While there is some excellent ham radio software for the Mac such as CocoaModem, Aether, EchoMac, and DSP Radio, there's a lot of good programs which are unfortunately only available for Windows. One of my favourites is CwGet which seems to be the best Morse decoder around.
In the past I have tried Parallels but have always had problems getting sound in and out of the Windows virtual machine.
I've just upgraded to Parallels 4 and, apart from being generally smoother, simpler and faster; connecting a USB device such as the SignaLink USB I use for radio interface seems to work really well. Here's the preferences I use:
It's no surprise that the two operating systems compete for the USB audio device. I had CocoaModem running and then started XP under Parallels and CocoaModem's waterfall froze. The program was able to quit cleanly.
Anyhow, this is all much more convenient than a separate machine just to run Windows ham radio software.
Parallels 4: recommended.
Update - transmit audio trouble?
Haven't quite diagnosed this yet but I ran WSPR under Parallels and while I could spot other stations, no one spotted me.
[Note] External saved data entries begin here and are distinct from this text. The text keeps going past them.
lemma prob_abs_Ghat_minus_gt:
  assumes sym: "transpose (Gamma M X) = Gamma M X"
    and pd: "\<And>v. v \<noteq> 0 \<Longrightarrow> 0 < v \<bullet> (Gamma M X *v v)"
    and indep: "indep_vars (\<lambda>_. count_space bin01) Xs {1..n}"
    and ident: "\<And>i. i \<in> {1..n} \<Longrightarrow> distr M (count_space bin01) (Xs i) = distr M (count_space bin01) X"
    and "1 \<le> n" "x \<in> bin01" "0 \<le> \<epsilon>" "0 < gsupnorm M X G" "0 < norm (evec M X x)"
  shows "prob {\<omega> \<in> space M. \<epsilon> < \<bar>Ghat M X G n Xs x \<omega> - G x\<bar>}
    \<le> exp (1 / 6 - n * (\<epsilon> * lambda_min (Gamma M X) / (gsupnorm M X G * norm (evec M X x)))\<^sup>2 / 8)"
proof -
  define c where "c = gsupnorm M X G"
  define e where "e = norm (evec M X x)"
  define lmin where "lmin = lambda_min (Gamma M X)"
  define t where "t = \<epsilon> * lmin / e"
  have "0 < lmin"
    unfolding lmin_def using sym pd by (rule lambda_min_pos)
  have "0 < c" "0 < e"
    using assms by (simp_all add: c_def e_def)
  have "0 \<le> t"
    using \<open>0 \<le> \<epsilon>\<close> \<open>0 < lmin\<close> \<open>0 < e\<close> by (simp add: t_def)
  let ?D = "{\<omega> \<in> space M. t < norm ((1 / n) *\<^sub>R (\<Sum>i = 1..n. gvec M X G (Xs i \<omega>)) - muvec M X G)}"
  note deviation = prob_sample_mean_deviation[OF finite_bin01 X_rv indep _ \<open>1 \<le> n\<close> \<open>0 < c\<close> \<open>0 \<le> t\<close>,
      where f = "gvec M X G", folded muvec_def,
      OF ident gvec_minus_muvec_le_gsupnorm[where M = M and X = X and G = G, folded c_def]]
  have "{\<omega> \<in> space M. \<epsilon> < \<bar>Ghat M X G n Xs x \<omega> - G x\<bar>} \<subseteq> ?D"
  proof (intro Collect_mono impI conjI; elim conjE)
    fix \<omega> assume "\<omega> \<in> space M" "\<epsilon> < \<bar>Ghat M X G n Xs x \<omega> - G x\<bar>"
    then have "\<epsilon> < norm ((1 / n) *\<^sub>R (\<Sum>i = 1..n. gvec M X G (Xs i \<omega>)) - muvec M X G) * e / lmin"
      using abs_Ghat_minus_le[OF sym pd \<open>x \<in> bin01\<close>, of G n Xs \<omega>]
      unfolding e_def lmin_def by linarith
    then show "t < norm ((1 / n) *\<^sub>R (\<Sum>i = 1..n. gvec M X G (Xs i \<omega>)) - muvec M X G)"
      using \<open>0 < lmin\<close> \<open>0 < e\<close> by (simp add: t_def field_simps)
  qed simp_all
  then have "prob {\<omega> \<in> space M. \<epsilon> < \<bar>Ghat M X G n Xs x \<omega> - G x\<bar>} \<le> exp (1 / 6 - n * (t / c)\<^sup>2 / 8)"
    using deviation finite_measure_mono order_trans by blast
  then show ?thesis
    by (simp add: t_def c_def e_def lmin_def mult.commute)
qed

end
(* Let $d\ge1$, let $T$ be a $d\times d$ column-stochastic matrix ($T_{ij}\ge0$, $\sum_i T_{ij}=1$ for all $j$), and let $\Phi$ be any quantum channel on $d\times d$ matrices whose classical action is $T$. For each row $i$ write $\sum_{j=1}^d T_{ij}=n_i+a_i$ with $n_i\in\mathbb{Z}_{\ge0}$ and $a_i\in[0,1)$, and define the vector $\mathbf{s}^{(i)}(T)\in\mathbb{R}^{d^2}$ whose first $n_i$ entries equal $1$, whose $(n_i+1)$-th entry equals $a_i$, and whose remaining entries are $0$. Let $\boldsymbol{\mu}^\succ(T)=\frac1d\sum_{i=1}^d\mathbf{s}^{(i)}(T)$. Then $\boldsymbol{\mu}^\succ(T)\succ\boldsymbol{\lambda}(J_\Phi)$.
   Context: Fix an orthonormal basis $\{|i\rangle\}_{i=1}^d$ of $\mathbb{C}^d$, $|\Omega\rangle=\sum_i|ii\rangle$. The Jamio{\l}kowski state of a channel $\Phi$ is $J_\Phi=\frac1d(\Phi\otimes\mathcal{I})(|\Omega\rangle\langle\Omega|)$. The classical action of $\Phi$ is the matrix $T$ with $T_{ij}=\langle i|\Phi(|j\rangle\langle j|)|i\rangle$. $\boldsymbol{\lambda}(X)$ denotes the eigenvalues of a Hermitian $X$ in non-increasing order. For real vectors $x,y$ of equal length $n$, $x\succ y$ means $\sum_{i=1}^k x_i^\downarrow\ge\sum_{i=1}^k y_i^\downarrow$ for all $k=1,\dots,n$, with $x^\downarrow$ the non-increasing rearrangement. *)

theory Defs
  imports "Jordan_Normal_Form.Char_Poly"
begin

definition psd_mat :: "nat \<Rightarrow> complex mat \<Rightarrow> bool" where
  "psd_mat n X \<longleftrightarrow> X \<in> carrier_mat n n \<and>
     (\<forall>v \<in> carrier_vec n.
        let q = (\<Sum>i<n. \<Sum>j<n. cnj (v $ i) * X $$ (i, j) * v $ j) in Im q = 0 \<and> Re q \<ge> 0)"

definition ket_bra :: "nat \<Rightarrow> nat \<Rightarrow> nat \<Rightarrow> complex mat" where
  "ket_bra d k l = mat d d (\<lambda>(a, b). if a = k \<and> b = l then 1 else 0)"

text \<open>(Phi tensor I_n) applied to a (d*n) x (d*n) matrix, with the Kronecker index
  convention |i> tensor |k> = basis vector i*n+k.\<close>
definition tensor_id_apply :: "(complex mat \<Rightarrow> complex mat) \<Rightarrow> nat \<Rightarrow> nat \<Rightarrow> complex mat \<Rightarrow> complex mat" where
  "tensor_id_apply \<Phi> d n X =
     mat (d * n) (d * n) (\<lambda>(p, q).
        let i = p div n; k = p mod n; j = q div n; l = q mod n;
            M = mat d d (\<lambda>(a, b). X $$ (a * n + k, b * n + l))
        in \<Phi> M $$ (i, j))"

text \<open>Quantum channel on d x d matrices: linear, completely positive, trace preserving.\<close>
definition quantum_channel :: "nat \<Rightarrow> (complex mat \<Rightarrow> complex mat) \<Rightarrow> bool" where
  "quantum_channel d \<Phi> \<longleftrightarrow>
     (\<forall>A \<in> carrier_mat d d. \<Phi> A \<in> carrier_mat d d) \<and>
     (\<forall>A \<in> carrier_mat d d. \<forall>B \<in> carrier_mat d d. \<Phi> (A + B) = \<Phi> A + \<Phi> B) \<and>
     (\<forall>A \<in> carrier_mat d d. \<forall>c. \<Phi> (c \<cdot>\<^sub>m A) = c \<cdot>\<^sub>m \<Phi> A) \<and>
     (\<forall>A \<in> carrier_mat d d. (\<Sum>i<d. \<Phi> A $$ (i, i)) = (\<Sum>i<d. A $$ (i, i))) \<and>
     (\<forall>n X. psd_mat (d * n) X \<longrightarrow> psd_mat (d * n) (tensor_id_apply \<Phi> d n X))"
I listened to the off air audio and it didn't sound as pure as normal.
I take that back, it turned out that a station that should have received me had a problem. The run over night shows that wspr runs fine under parallels.
But the best news was that I spotted old friend Ross, T61AA, in Afghanistan multiple times over night. (He's the person that got me started with WSPR).
Thanks Peter for the good tips. As a die hard Apple user I hate to have a Windows computer in the shack for those tools which are Windows only. I'm gonna try to run MacOSX on my Intel Atom tonight and put your tips in practice!
ReplyDelete73's! Jim, PA1JIM
Ha! That wasn't quite what I was suggesting but good luck with that. I'm not sure that an atom processor, presumably in a netbook, is quite up to a snappy OSX experience.